Input records.
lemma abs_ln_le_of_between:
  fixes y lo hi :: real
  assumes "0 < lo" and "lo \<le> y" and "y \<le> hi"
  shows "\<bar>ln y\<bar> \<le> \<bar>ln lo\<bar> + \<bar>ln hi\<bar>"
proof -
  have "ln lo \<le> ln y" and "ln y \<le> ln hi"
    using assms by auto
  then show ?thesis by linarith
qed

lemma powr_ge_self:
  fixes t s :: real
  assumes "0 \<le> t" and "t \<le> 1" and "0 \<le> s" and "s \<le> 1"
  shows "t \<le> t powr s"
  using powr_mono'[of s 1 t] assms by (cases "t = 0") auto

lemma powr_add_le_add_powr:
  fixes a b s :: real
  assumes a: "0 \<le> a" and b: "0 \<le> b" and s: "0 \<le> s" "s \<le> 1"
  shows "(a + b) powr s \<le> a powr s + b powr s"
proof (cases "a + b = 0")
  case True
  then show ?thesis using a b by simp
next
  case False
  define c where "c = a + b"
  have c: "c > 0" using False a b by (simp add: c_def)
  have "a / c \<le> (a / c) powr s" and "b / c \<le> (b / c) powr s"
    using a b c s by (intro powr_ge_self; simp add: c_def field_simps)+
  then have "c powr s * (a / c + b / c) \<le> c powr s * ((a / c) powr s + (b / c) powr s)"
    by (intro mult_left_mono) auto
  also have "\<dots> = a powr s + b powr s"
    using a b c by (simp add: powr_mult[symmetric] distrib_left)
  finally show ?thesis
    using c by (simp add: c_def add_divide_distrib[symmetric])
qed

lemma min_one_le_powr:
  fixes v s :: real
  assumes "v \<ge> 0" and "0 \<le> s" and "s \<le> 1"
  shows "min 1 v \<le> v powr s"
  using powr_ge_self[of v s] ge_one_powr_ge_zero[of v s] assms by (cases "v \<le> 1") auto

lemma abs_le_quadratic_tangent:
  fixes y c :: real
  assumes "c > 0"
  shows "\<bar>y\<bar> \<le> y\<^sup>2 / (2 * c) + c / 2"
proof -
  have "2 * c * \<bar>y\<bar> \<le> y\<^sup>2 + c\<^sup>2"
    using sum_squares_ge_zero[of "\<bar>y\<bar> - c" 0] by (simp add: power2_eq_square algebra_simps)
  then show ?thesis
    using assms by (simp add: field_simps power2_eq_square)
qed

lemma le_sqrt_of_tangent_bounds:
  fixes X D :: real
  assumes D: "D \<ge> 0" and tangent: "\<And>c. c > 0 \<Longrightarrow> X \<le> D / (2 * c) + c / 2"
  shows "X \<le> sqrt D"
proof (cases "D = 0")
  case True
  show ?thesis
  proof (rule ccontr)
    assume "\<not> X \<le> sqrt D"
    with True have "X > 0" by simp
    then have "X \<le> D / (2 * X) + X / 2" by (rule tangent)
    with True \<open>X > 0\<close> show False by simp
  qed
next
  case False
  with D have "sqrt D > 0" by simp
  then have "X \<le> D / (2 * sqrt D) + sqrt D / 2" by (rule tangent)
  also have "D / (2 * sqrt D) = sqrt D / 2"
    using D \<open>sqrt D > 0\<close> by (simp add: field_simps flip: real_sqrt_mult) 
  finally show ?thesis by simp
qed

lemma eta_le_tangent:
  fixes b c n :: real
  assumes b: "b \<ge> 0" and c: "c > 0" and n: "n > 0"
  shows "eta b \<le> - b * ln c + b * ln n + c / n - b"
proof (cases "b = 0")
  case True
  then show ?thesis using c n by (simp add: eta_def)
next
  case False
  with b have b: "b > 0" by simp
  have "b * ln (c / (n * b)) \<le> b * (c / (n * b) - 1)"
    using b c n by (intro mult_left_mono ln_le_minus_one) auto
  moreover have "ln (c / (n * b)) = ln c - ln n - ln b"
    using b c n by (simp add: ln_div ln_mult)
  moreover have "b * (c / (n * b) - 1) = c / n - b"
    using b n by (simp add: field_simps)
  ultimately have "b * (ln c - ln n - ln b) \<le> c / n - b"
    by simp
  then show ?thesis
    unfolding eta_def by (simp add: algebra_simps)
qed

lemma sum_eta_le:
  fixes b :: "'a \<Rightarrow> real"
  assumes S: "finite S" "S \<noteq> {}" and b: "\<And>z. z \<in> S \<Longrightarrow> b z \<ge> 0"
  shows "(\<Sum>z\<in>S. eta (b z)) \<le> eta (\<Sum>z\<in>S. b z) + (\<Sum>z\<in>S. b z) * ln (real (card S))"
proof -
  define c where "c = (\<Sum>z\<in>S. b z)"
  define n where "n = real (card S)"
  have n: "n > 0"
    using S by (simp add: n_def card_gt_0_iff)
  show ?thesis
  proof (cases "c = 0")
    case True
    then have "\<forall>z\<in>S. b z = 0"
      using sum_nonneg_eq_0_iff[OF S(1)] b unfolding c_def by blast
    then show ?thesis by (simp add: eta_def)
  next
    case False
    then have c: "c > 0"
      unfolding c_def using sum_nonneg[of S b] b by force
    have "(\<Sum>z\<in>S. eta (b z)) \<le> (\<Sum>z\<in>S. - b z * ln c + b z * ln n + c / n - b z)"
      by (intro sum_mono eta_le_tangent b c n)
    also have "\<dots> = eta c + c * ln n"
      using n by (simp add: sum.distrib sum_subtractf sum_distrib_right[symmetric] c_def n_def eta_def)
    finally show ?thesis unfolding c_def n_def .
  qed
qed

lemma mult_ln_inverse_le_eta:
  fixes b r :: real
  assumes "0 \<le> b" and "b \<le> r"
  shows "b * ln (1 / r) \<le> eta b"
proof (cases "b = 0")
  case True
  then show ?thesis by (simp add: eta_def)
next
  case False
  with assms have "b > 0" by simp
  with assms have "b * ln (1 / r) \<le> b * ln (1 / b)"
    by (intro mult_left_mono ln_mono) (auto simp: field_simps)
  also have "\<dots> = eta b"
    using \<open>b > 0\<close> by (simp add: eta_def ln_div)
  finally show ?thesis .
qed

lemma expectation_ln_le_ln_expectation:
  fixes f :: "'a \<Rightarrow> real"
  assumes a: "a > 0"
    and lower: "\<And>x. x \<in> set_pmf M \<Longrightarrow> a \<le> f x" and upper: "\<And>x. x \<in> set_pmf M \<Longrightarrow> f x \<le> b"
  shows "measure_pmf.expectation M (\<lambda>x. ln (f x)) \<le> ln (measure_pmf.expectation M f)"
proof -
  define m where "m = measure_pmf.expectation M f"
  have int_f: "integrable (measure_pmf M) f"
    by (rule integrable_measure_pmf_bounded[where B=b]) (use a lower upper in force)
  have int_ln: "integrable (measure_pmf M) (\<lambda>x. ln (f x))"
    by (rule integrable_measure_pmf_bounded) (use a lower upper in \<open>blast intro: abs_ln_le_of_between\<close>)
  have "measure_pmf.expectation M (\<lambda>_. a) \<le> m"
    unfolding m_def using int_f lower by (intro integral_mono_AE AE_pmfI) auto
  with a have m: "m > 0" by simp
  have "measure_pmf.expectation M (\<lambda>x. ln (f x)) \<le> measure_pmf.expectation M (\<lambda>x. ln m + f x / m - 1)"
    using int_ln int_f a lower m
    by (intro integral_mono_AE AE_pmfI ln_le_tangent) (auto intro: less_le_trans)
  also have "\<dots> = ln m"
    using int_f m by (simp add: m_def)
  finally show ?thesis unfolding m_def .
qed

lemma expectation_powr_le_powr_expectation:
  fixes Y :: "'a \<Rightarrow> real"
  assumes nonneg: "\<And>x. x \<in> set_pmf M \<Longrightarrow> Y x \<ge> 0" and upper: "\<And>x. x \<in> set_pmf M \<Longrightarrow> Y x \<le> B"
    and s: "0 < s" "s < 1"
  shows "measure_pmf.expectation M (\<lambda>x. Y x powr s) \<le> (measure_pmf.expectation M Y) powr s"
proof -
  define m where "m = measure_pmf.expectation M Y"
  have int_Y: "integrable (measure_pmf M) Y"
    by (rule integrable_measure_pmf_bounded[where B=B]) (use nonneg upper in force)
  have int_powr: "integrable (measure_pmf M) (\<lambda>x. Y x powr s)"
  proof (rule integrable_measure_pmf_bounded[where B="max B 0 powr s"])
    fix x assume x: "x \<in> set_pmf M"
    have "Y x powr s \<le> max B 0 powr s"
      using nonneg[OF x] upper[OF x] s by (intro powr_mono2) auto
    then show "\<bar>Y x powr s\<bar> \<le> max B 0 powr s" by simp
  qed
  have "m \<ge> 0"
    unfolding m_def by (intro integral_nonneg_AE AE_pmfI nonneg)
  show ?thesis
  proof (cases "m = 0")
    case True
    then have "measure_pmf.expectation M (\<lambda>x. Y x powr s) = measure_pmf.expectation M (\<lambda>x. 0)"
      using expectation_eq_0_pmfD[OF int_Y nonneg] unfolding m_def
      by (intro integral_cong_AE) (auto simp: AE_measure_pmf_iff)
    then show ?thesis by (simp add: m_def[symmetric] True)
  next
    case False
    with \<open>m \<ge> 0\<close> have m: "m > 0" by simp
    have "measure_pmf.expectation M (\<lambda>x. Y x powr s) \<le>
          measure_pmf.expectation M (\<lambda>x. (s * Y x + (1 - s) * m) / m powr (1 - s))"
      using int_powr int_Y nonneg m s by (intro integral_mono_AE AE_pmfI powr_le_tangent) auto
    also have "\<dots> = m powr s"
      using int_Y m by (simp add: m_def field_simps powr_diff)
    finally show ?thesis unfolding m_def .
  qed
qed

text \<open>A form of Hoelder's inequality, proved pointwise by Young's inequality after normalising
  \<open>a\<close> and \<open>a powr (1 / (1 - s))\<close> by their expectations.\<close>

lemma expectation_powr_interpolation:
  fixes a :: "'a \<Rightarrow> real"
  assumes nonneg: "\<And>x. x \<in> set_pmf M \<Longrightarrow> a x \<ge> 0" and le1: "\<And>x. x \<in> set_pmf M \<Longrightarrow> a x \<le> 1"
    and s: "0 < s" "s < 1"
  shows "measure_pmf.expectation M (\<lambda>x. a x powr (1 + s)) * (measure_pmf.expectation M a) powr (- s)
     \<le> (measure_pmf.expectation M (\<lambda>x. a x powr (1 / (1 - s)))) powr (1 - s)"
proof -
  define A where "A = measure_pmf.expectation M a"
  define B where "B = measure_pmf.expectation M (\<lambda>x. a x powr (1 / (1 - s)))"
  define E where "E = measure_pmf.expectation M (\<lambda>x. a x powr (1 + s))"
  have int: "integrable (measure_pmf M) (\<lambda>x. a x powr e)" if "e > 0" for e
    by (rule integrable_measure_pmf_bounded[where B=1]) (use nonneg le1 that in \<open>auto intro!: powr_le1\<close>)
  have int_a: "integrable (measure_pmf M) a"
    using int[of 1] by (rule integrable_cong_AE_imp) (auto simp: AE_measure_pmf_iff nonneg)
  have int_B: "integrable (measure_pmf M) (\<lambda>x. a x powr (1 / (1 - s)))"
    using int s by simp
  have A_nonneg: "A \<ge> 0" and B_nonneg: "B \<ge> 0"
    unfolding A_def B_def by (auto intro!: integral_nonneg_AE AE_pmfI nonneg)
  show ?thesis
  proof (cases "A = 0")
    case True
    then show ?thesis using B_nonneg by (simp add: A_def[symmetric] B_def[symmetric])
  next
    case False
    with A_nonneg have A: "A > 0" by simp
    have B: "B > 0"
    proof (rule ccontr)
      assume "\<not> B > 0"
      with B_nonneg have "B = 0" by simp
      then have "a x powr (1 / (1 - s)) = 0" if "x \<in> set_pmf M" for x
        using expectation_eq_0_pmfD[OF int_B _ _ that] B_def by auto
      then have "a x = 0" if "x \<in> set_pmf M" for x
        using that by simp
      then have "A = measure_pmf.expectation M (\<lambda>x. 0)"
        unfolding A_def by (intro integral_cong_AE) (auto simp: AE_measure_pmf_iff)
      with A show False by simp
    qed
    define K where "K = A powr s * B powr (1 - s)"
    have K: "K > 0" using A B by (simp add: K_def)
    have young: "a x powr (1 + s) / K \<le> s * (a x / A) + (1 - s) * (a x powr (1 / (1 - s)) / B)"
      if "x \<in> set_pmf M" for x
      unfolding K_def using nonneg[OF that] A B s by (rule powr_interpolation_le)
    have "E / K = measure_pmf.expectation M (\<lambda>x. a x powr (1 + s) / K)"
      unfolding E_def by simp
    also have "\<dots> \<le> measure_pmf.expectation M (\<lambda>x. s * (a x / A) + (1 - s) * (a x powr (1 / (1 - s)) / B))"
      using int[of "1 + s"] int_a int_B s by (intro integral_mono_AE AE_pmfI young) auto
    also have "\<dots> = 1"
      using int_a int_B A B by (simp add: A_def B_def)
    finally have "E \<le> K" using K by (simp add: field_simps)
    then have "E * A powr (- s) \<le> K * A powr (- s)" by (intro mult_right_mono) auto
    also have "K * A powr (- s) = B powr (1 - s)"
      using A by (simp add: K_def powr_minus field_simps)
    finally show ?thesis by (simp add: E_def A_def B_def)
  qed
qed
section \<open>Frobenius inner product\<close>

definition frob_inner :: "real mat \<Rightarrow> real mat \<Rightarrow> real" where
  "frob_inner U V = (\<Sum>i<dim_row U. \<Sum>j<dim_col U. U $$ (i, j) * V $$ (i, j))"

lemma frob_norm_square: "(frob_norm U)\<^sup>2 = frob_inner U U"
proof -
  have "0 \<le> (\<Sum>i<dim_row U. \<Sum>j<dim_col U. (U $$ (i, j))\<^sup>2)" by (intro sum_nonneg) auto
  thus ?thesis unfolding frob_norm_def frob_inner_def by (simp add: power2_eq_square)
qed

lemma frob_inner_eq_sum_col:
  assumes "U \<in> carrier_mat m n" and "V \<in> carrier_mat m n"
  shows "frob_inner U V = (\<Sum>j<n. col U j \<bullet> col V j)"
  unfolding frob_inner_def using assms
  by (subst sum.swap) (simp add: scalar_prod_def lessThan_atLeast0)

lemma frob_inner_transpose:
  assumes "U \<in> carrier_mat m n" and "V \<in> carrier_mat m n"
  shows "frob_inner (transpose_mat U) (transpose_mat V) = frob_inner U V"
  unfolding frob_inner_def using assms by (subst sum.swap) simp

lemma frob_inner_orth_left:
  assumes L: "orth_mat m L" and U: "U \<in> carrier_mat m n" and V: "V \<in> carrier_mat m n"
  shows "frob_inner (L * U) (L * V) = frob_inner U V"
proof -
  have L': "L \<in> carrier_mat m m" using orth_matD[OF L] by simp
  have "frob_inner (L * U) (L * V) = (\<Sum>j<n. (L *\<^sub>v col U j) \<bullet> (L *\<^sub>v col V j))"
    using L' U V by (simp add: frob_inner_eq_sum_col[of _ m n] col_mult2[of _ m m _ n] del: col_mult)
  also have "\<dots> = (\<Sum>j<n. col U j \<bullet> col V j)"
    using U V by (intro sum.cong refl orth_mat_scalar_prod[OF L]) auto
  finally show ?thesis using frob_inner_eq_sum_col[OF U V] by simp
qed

Brief. Above are the records. Print exactly, and only, the lines from the line with "(intro sum_nonneg) auto" to the line with "using L' U V", both inclusive.

Exercise result.
  have "0 \<le> (\<Sum>i<dim_row U. \<Sum>j<dim_col U. (U $$ (i, j))\<^sup>2)" by (intro sum_nonneg) auto
  thus ?thesis unfolding frob_norm_def frob_inner_def by (simp add: power2_eq_square)
qed

lemma frob_inner_eq_sum_col:
  assumes "U \<in> carrier_mat m n" and "V \<in> carrier_mat m n"
  shows "frob_inner U V = (\<Sum>j<n. col U j \<bullet> col V j)"
  unfolding frob_inner_def using assms
  by (subst sum.swap) (simp add: scalar_prod_def lessThan_atLeast0)

lemma frob_inner_transpose:
  assumes "U \<in> carrier_mat m n" and "V \<in> carrier_mat m n"
  shows "frob_inner (transpose_mat U) (transpose_mat V) = frob_inner U V"
  unfolding frob_inner_def using assms by (subst sum.swap) simp

lemma frob_inner_orth_left:
  assumes L: "orth_mat m L" and U: "U \<in> carrier_mat m n" and V: "V \<in> carrier_mat m n"
  shows "frob_inner (L * U) (L * V) = frob_inner U V"
proof -
  have L': "L \<in> carrier_mat m m" using orth_matD[OF L] by simp
  have "frob_inner (L * U) (L * V) = (\<Sum>j<n. (L *\<^sub>v col U j) \<bullet> (L *\<^sub>v col V j))"
    using L' U V by (simp add: frob_inner_eq_sum_col[of _ m n] col_mult2[of _ m m _ n] del: col_mult)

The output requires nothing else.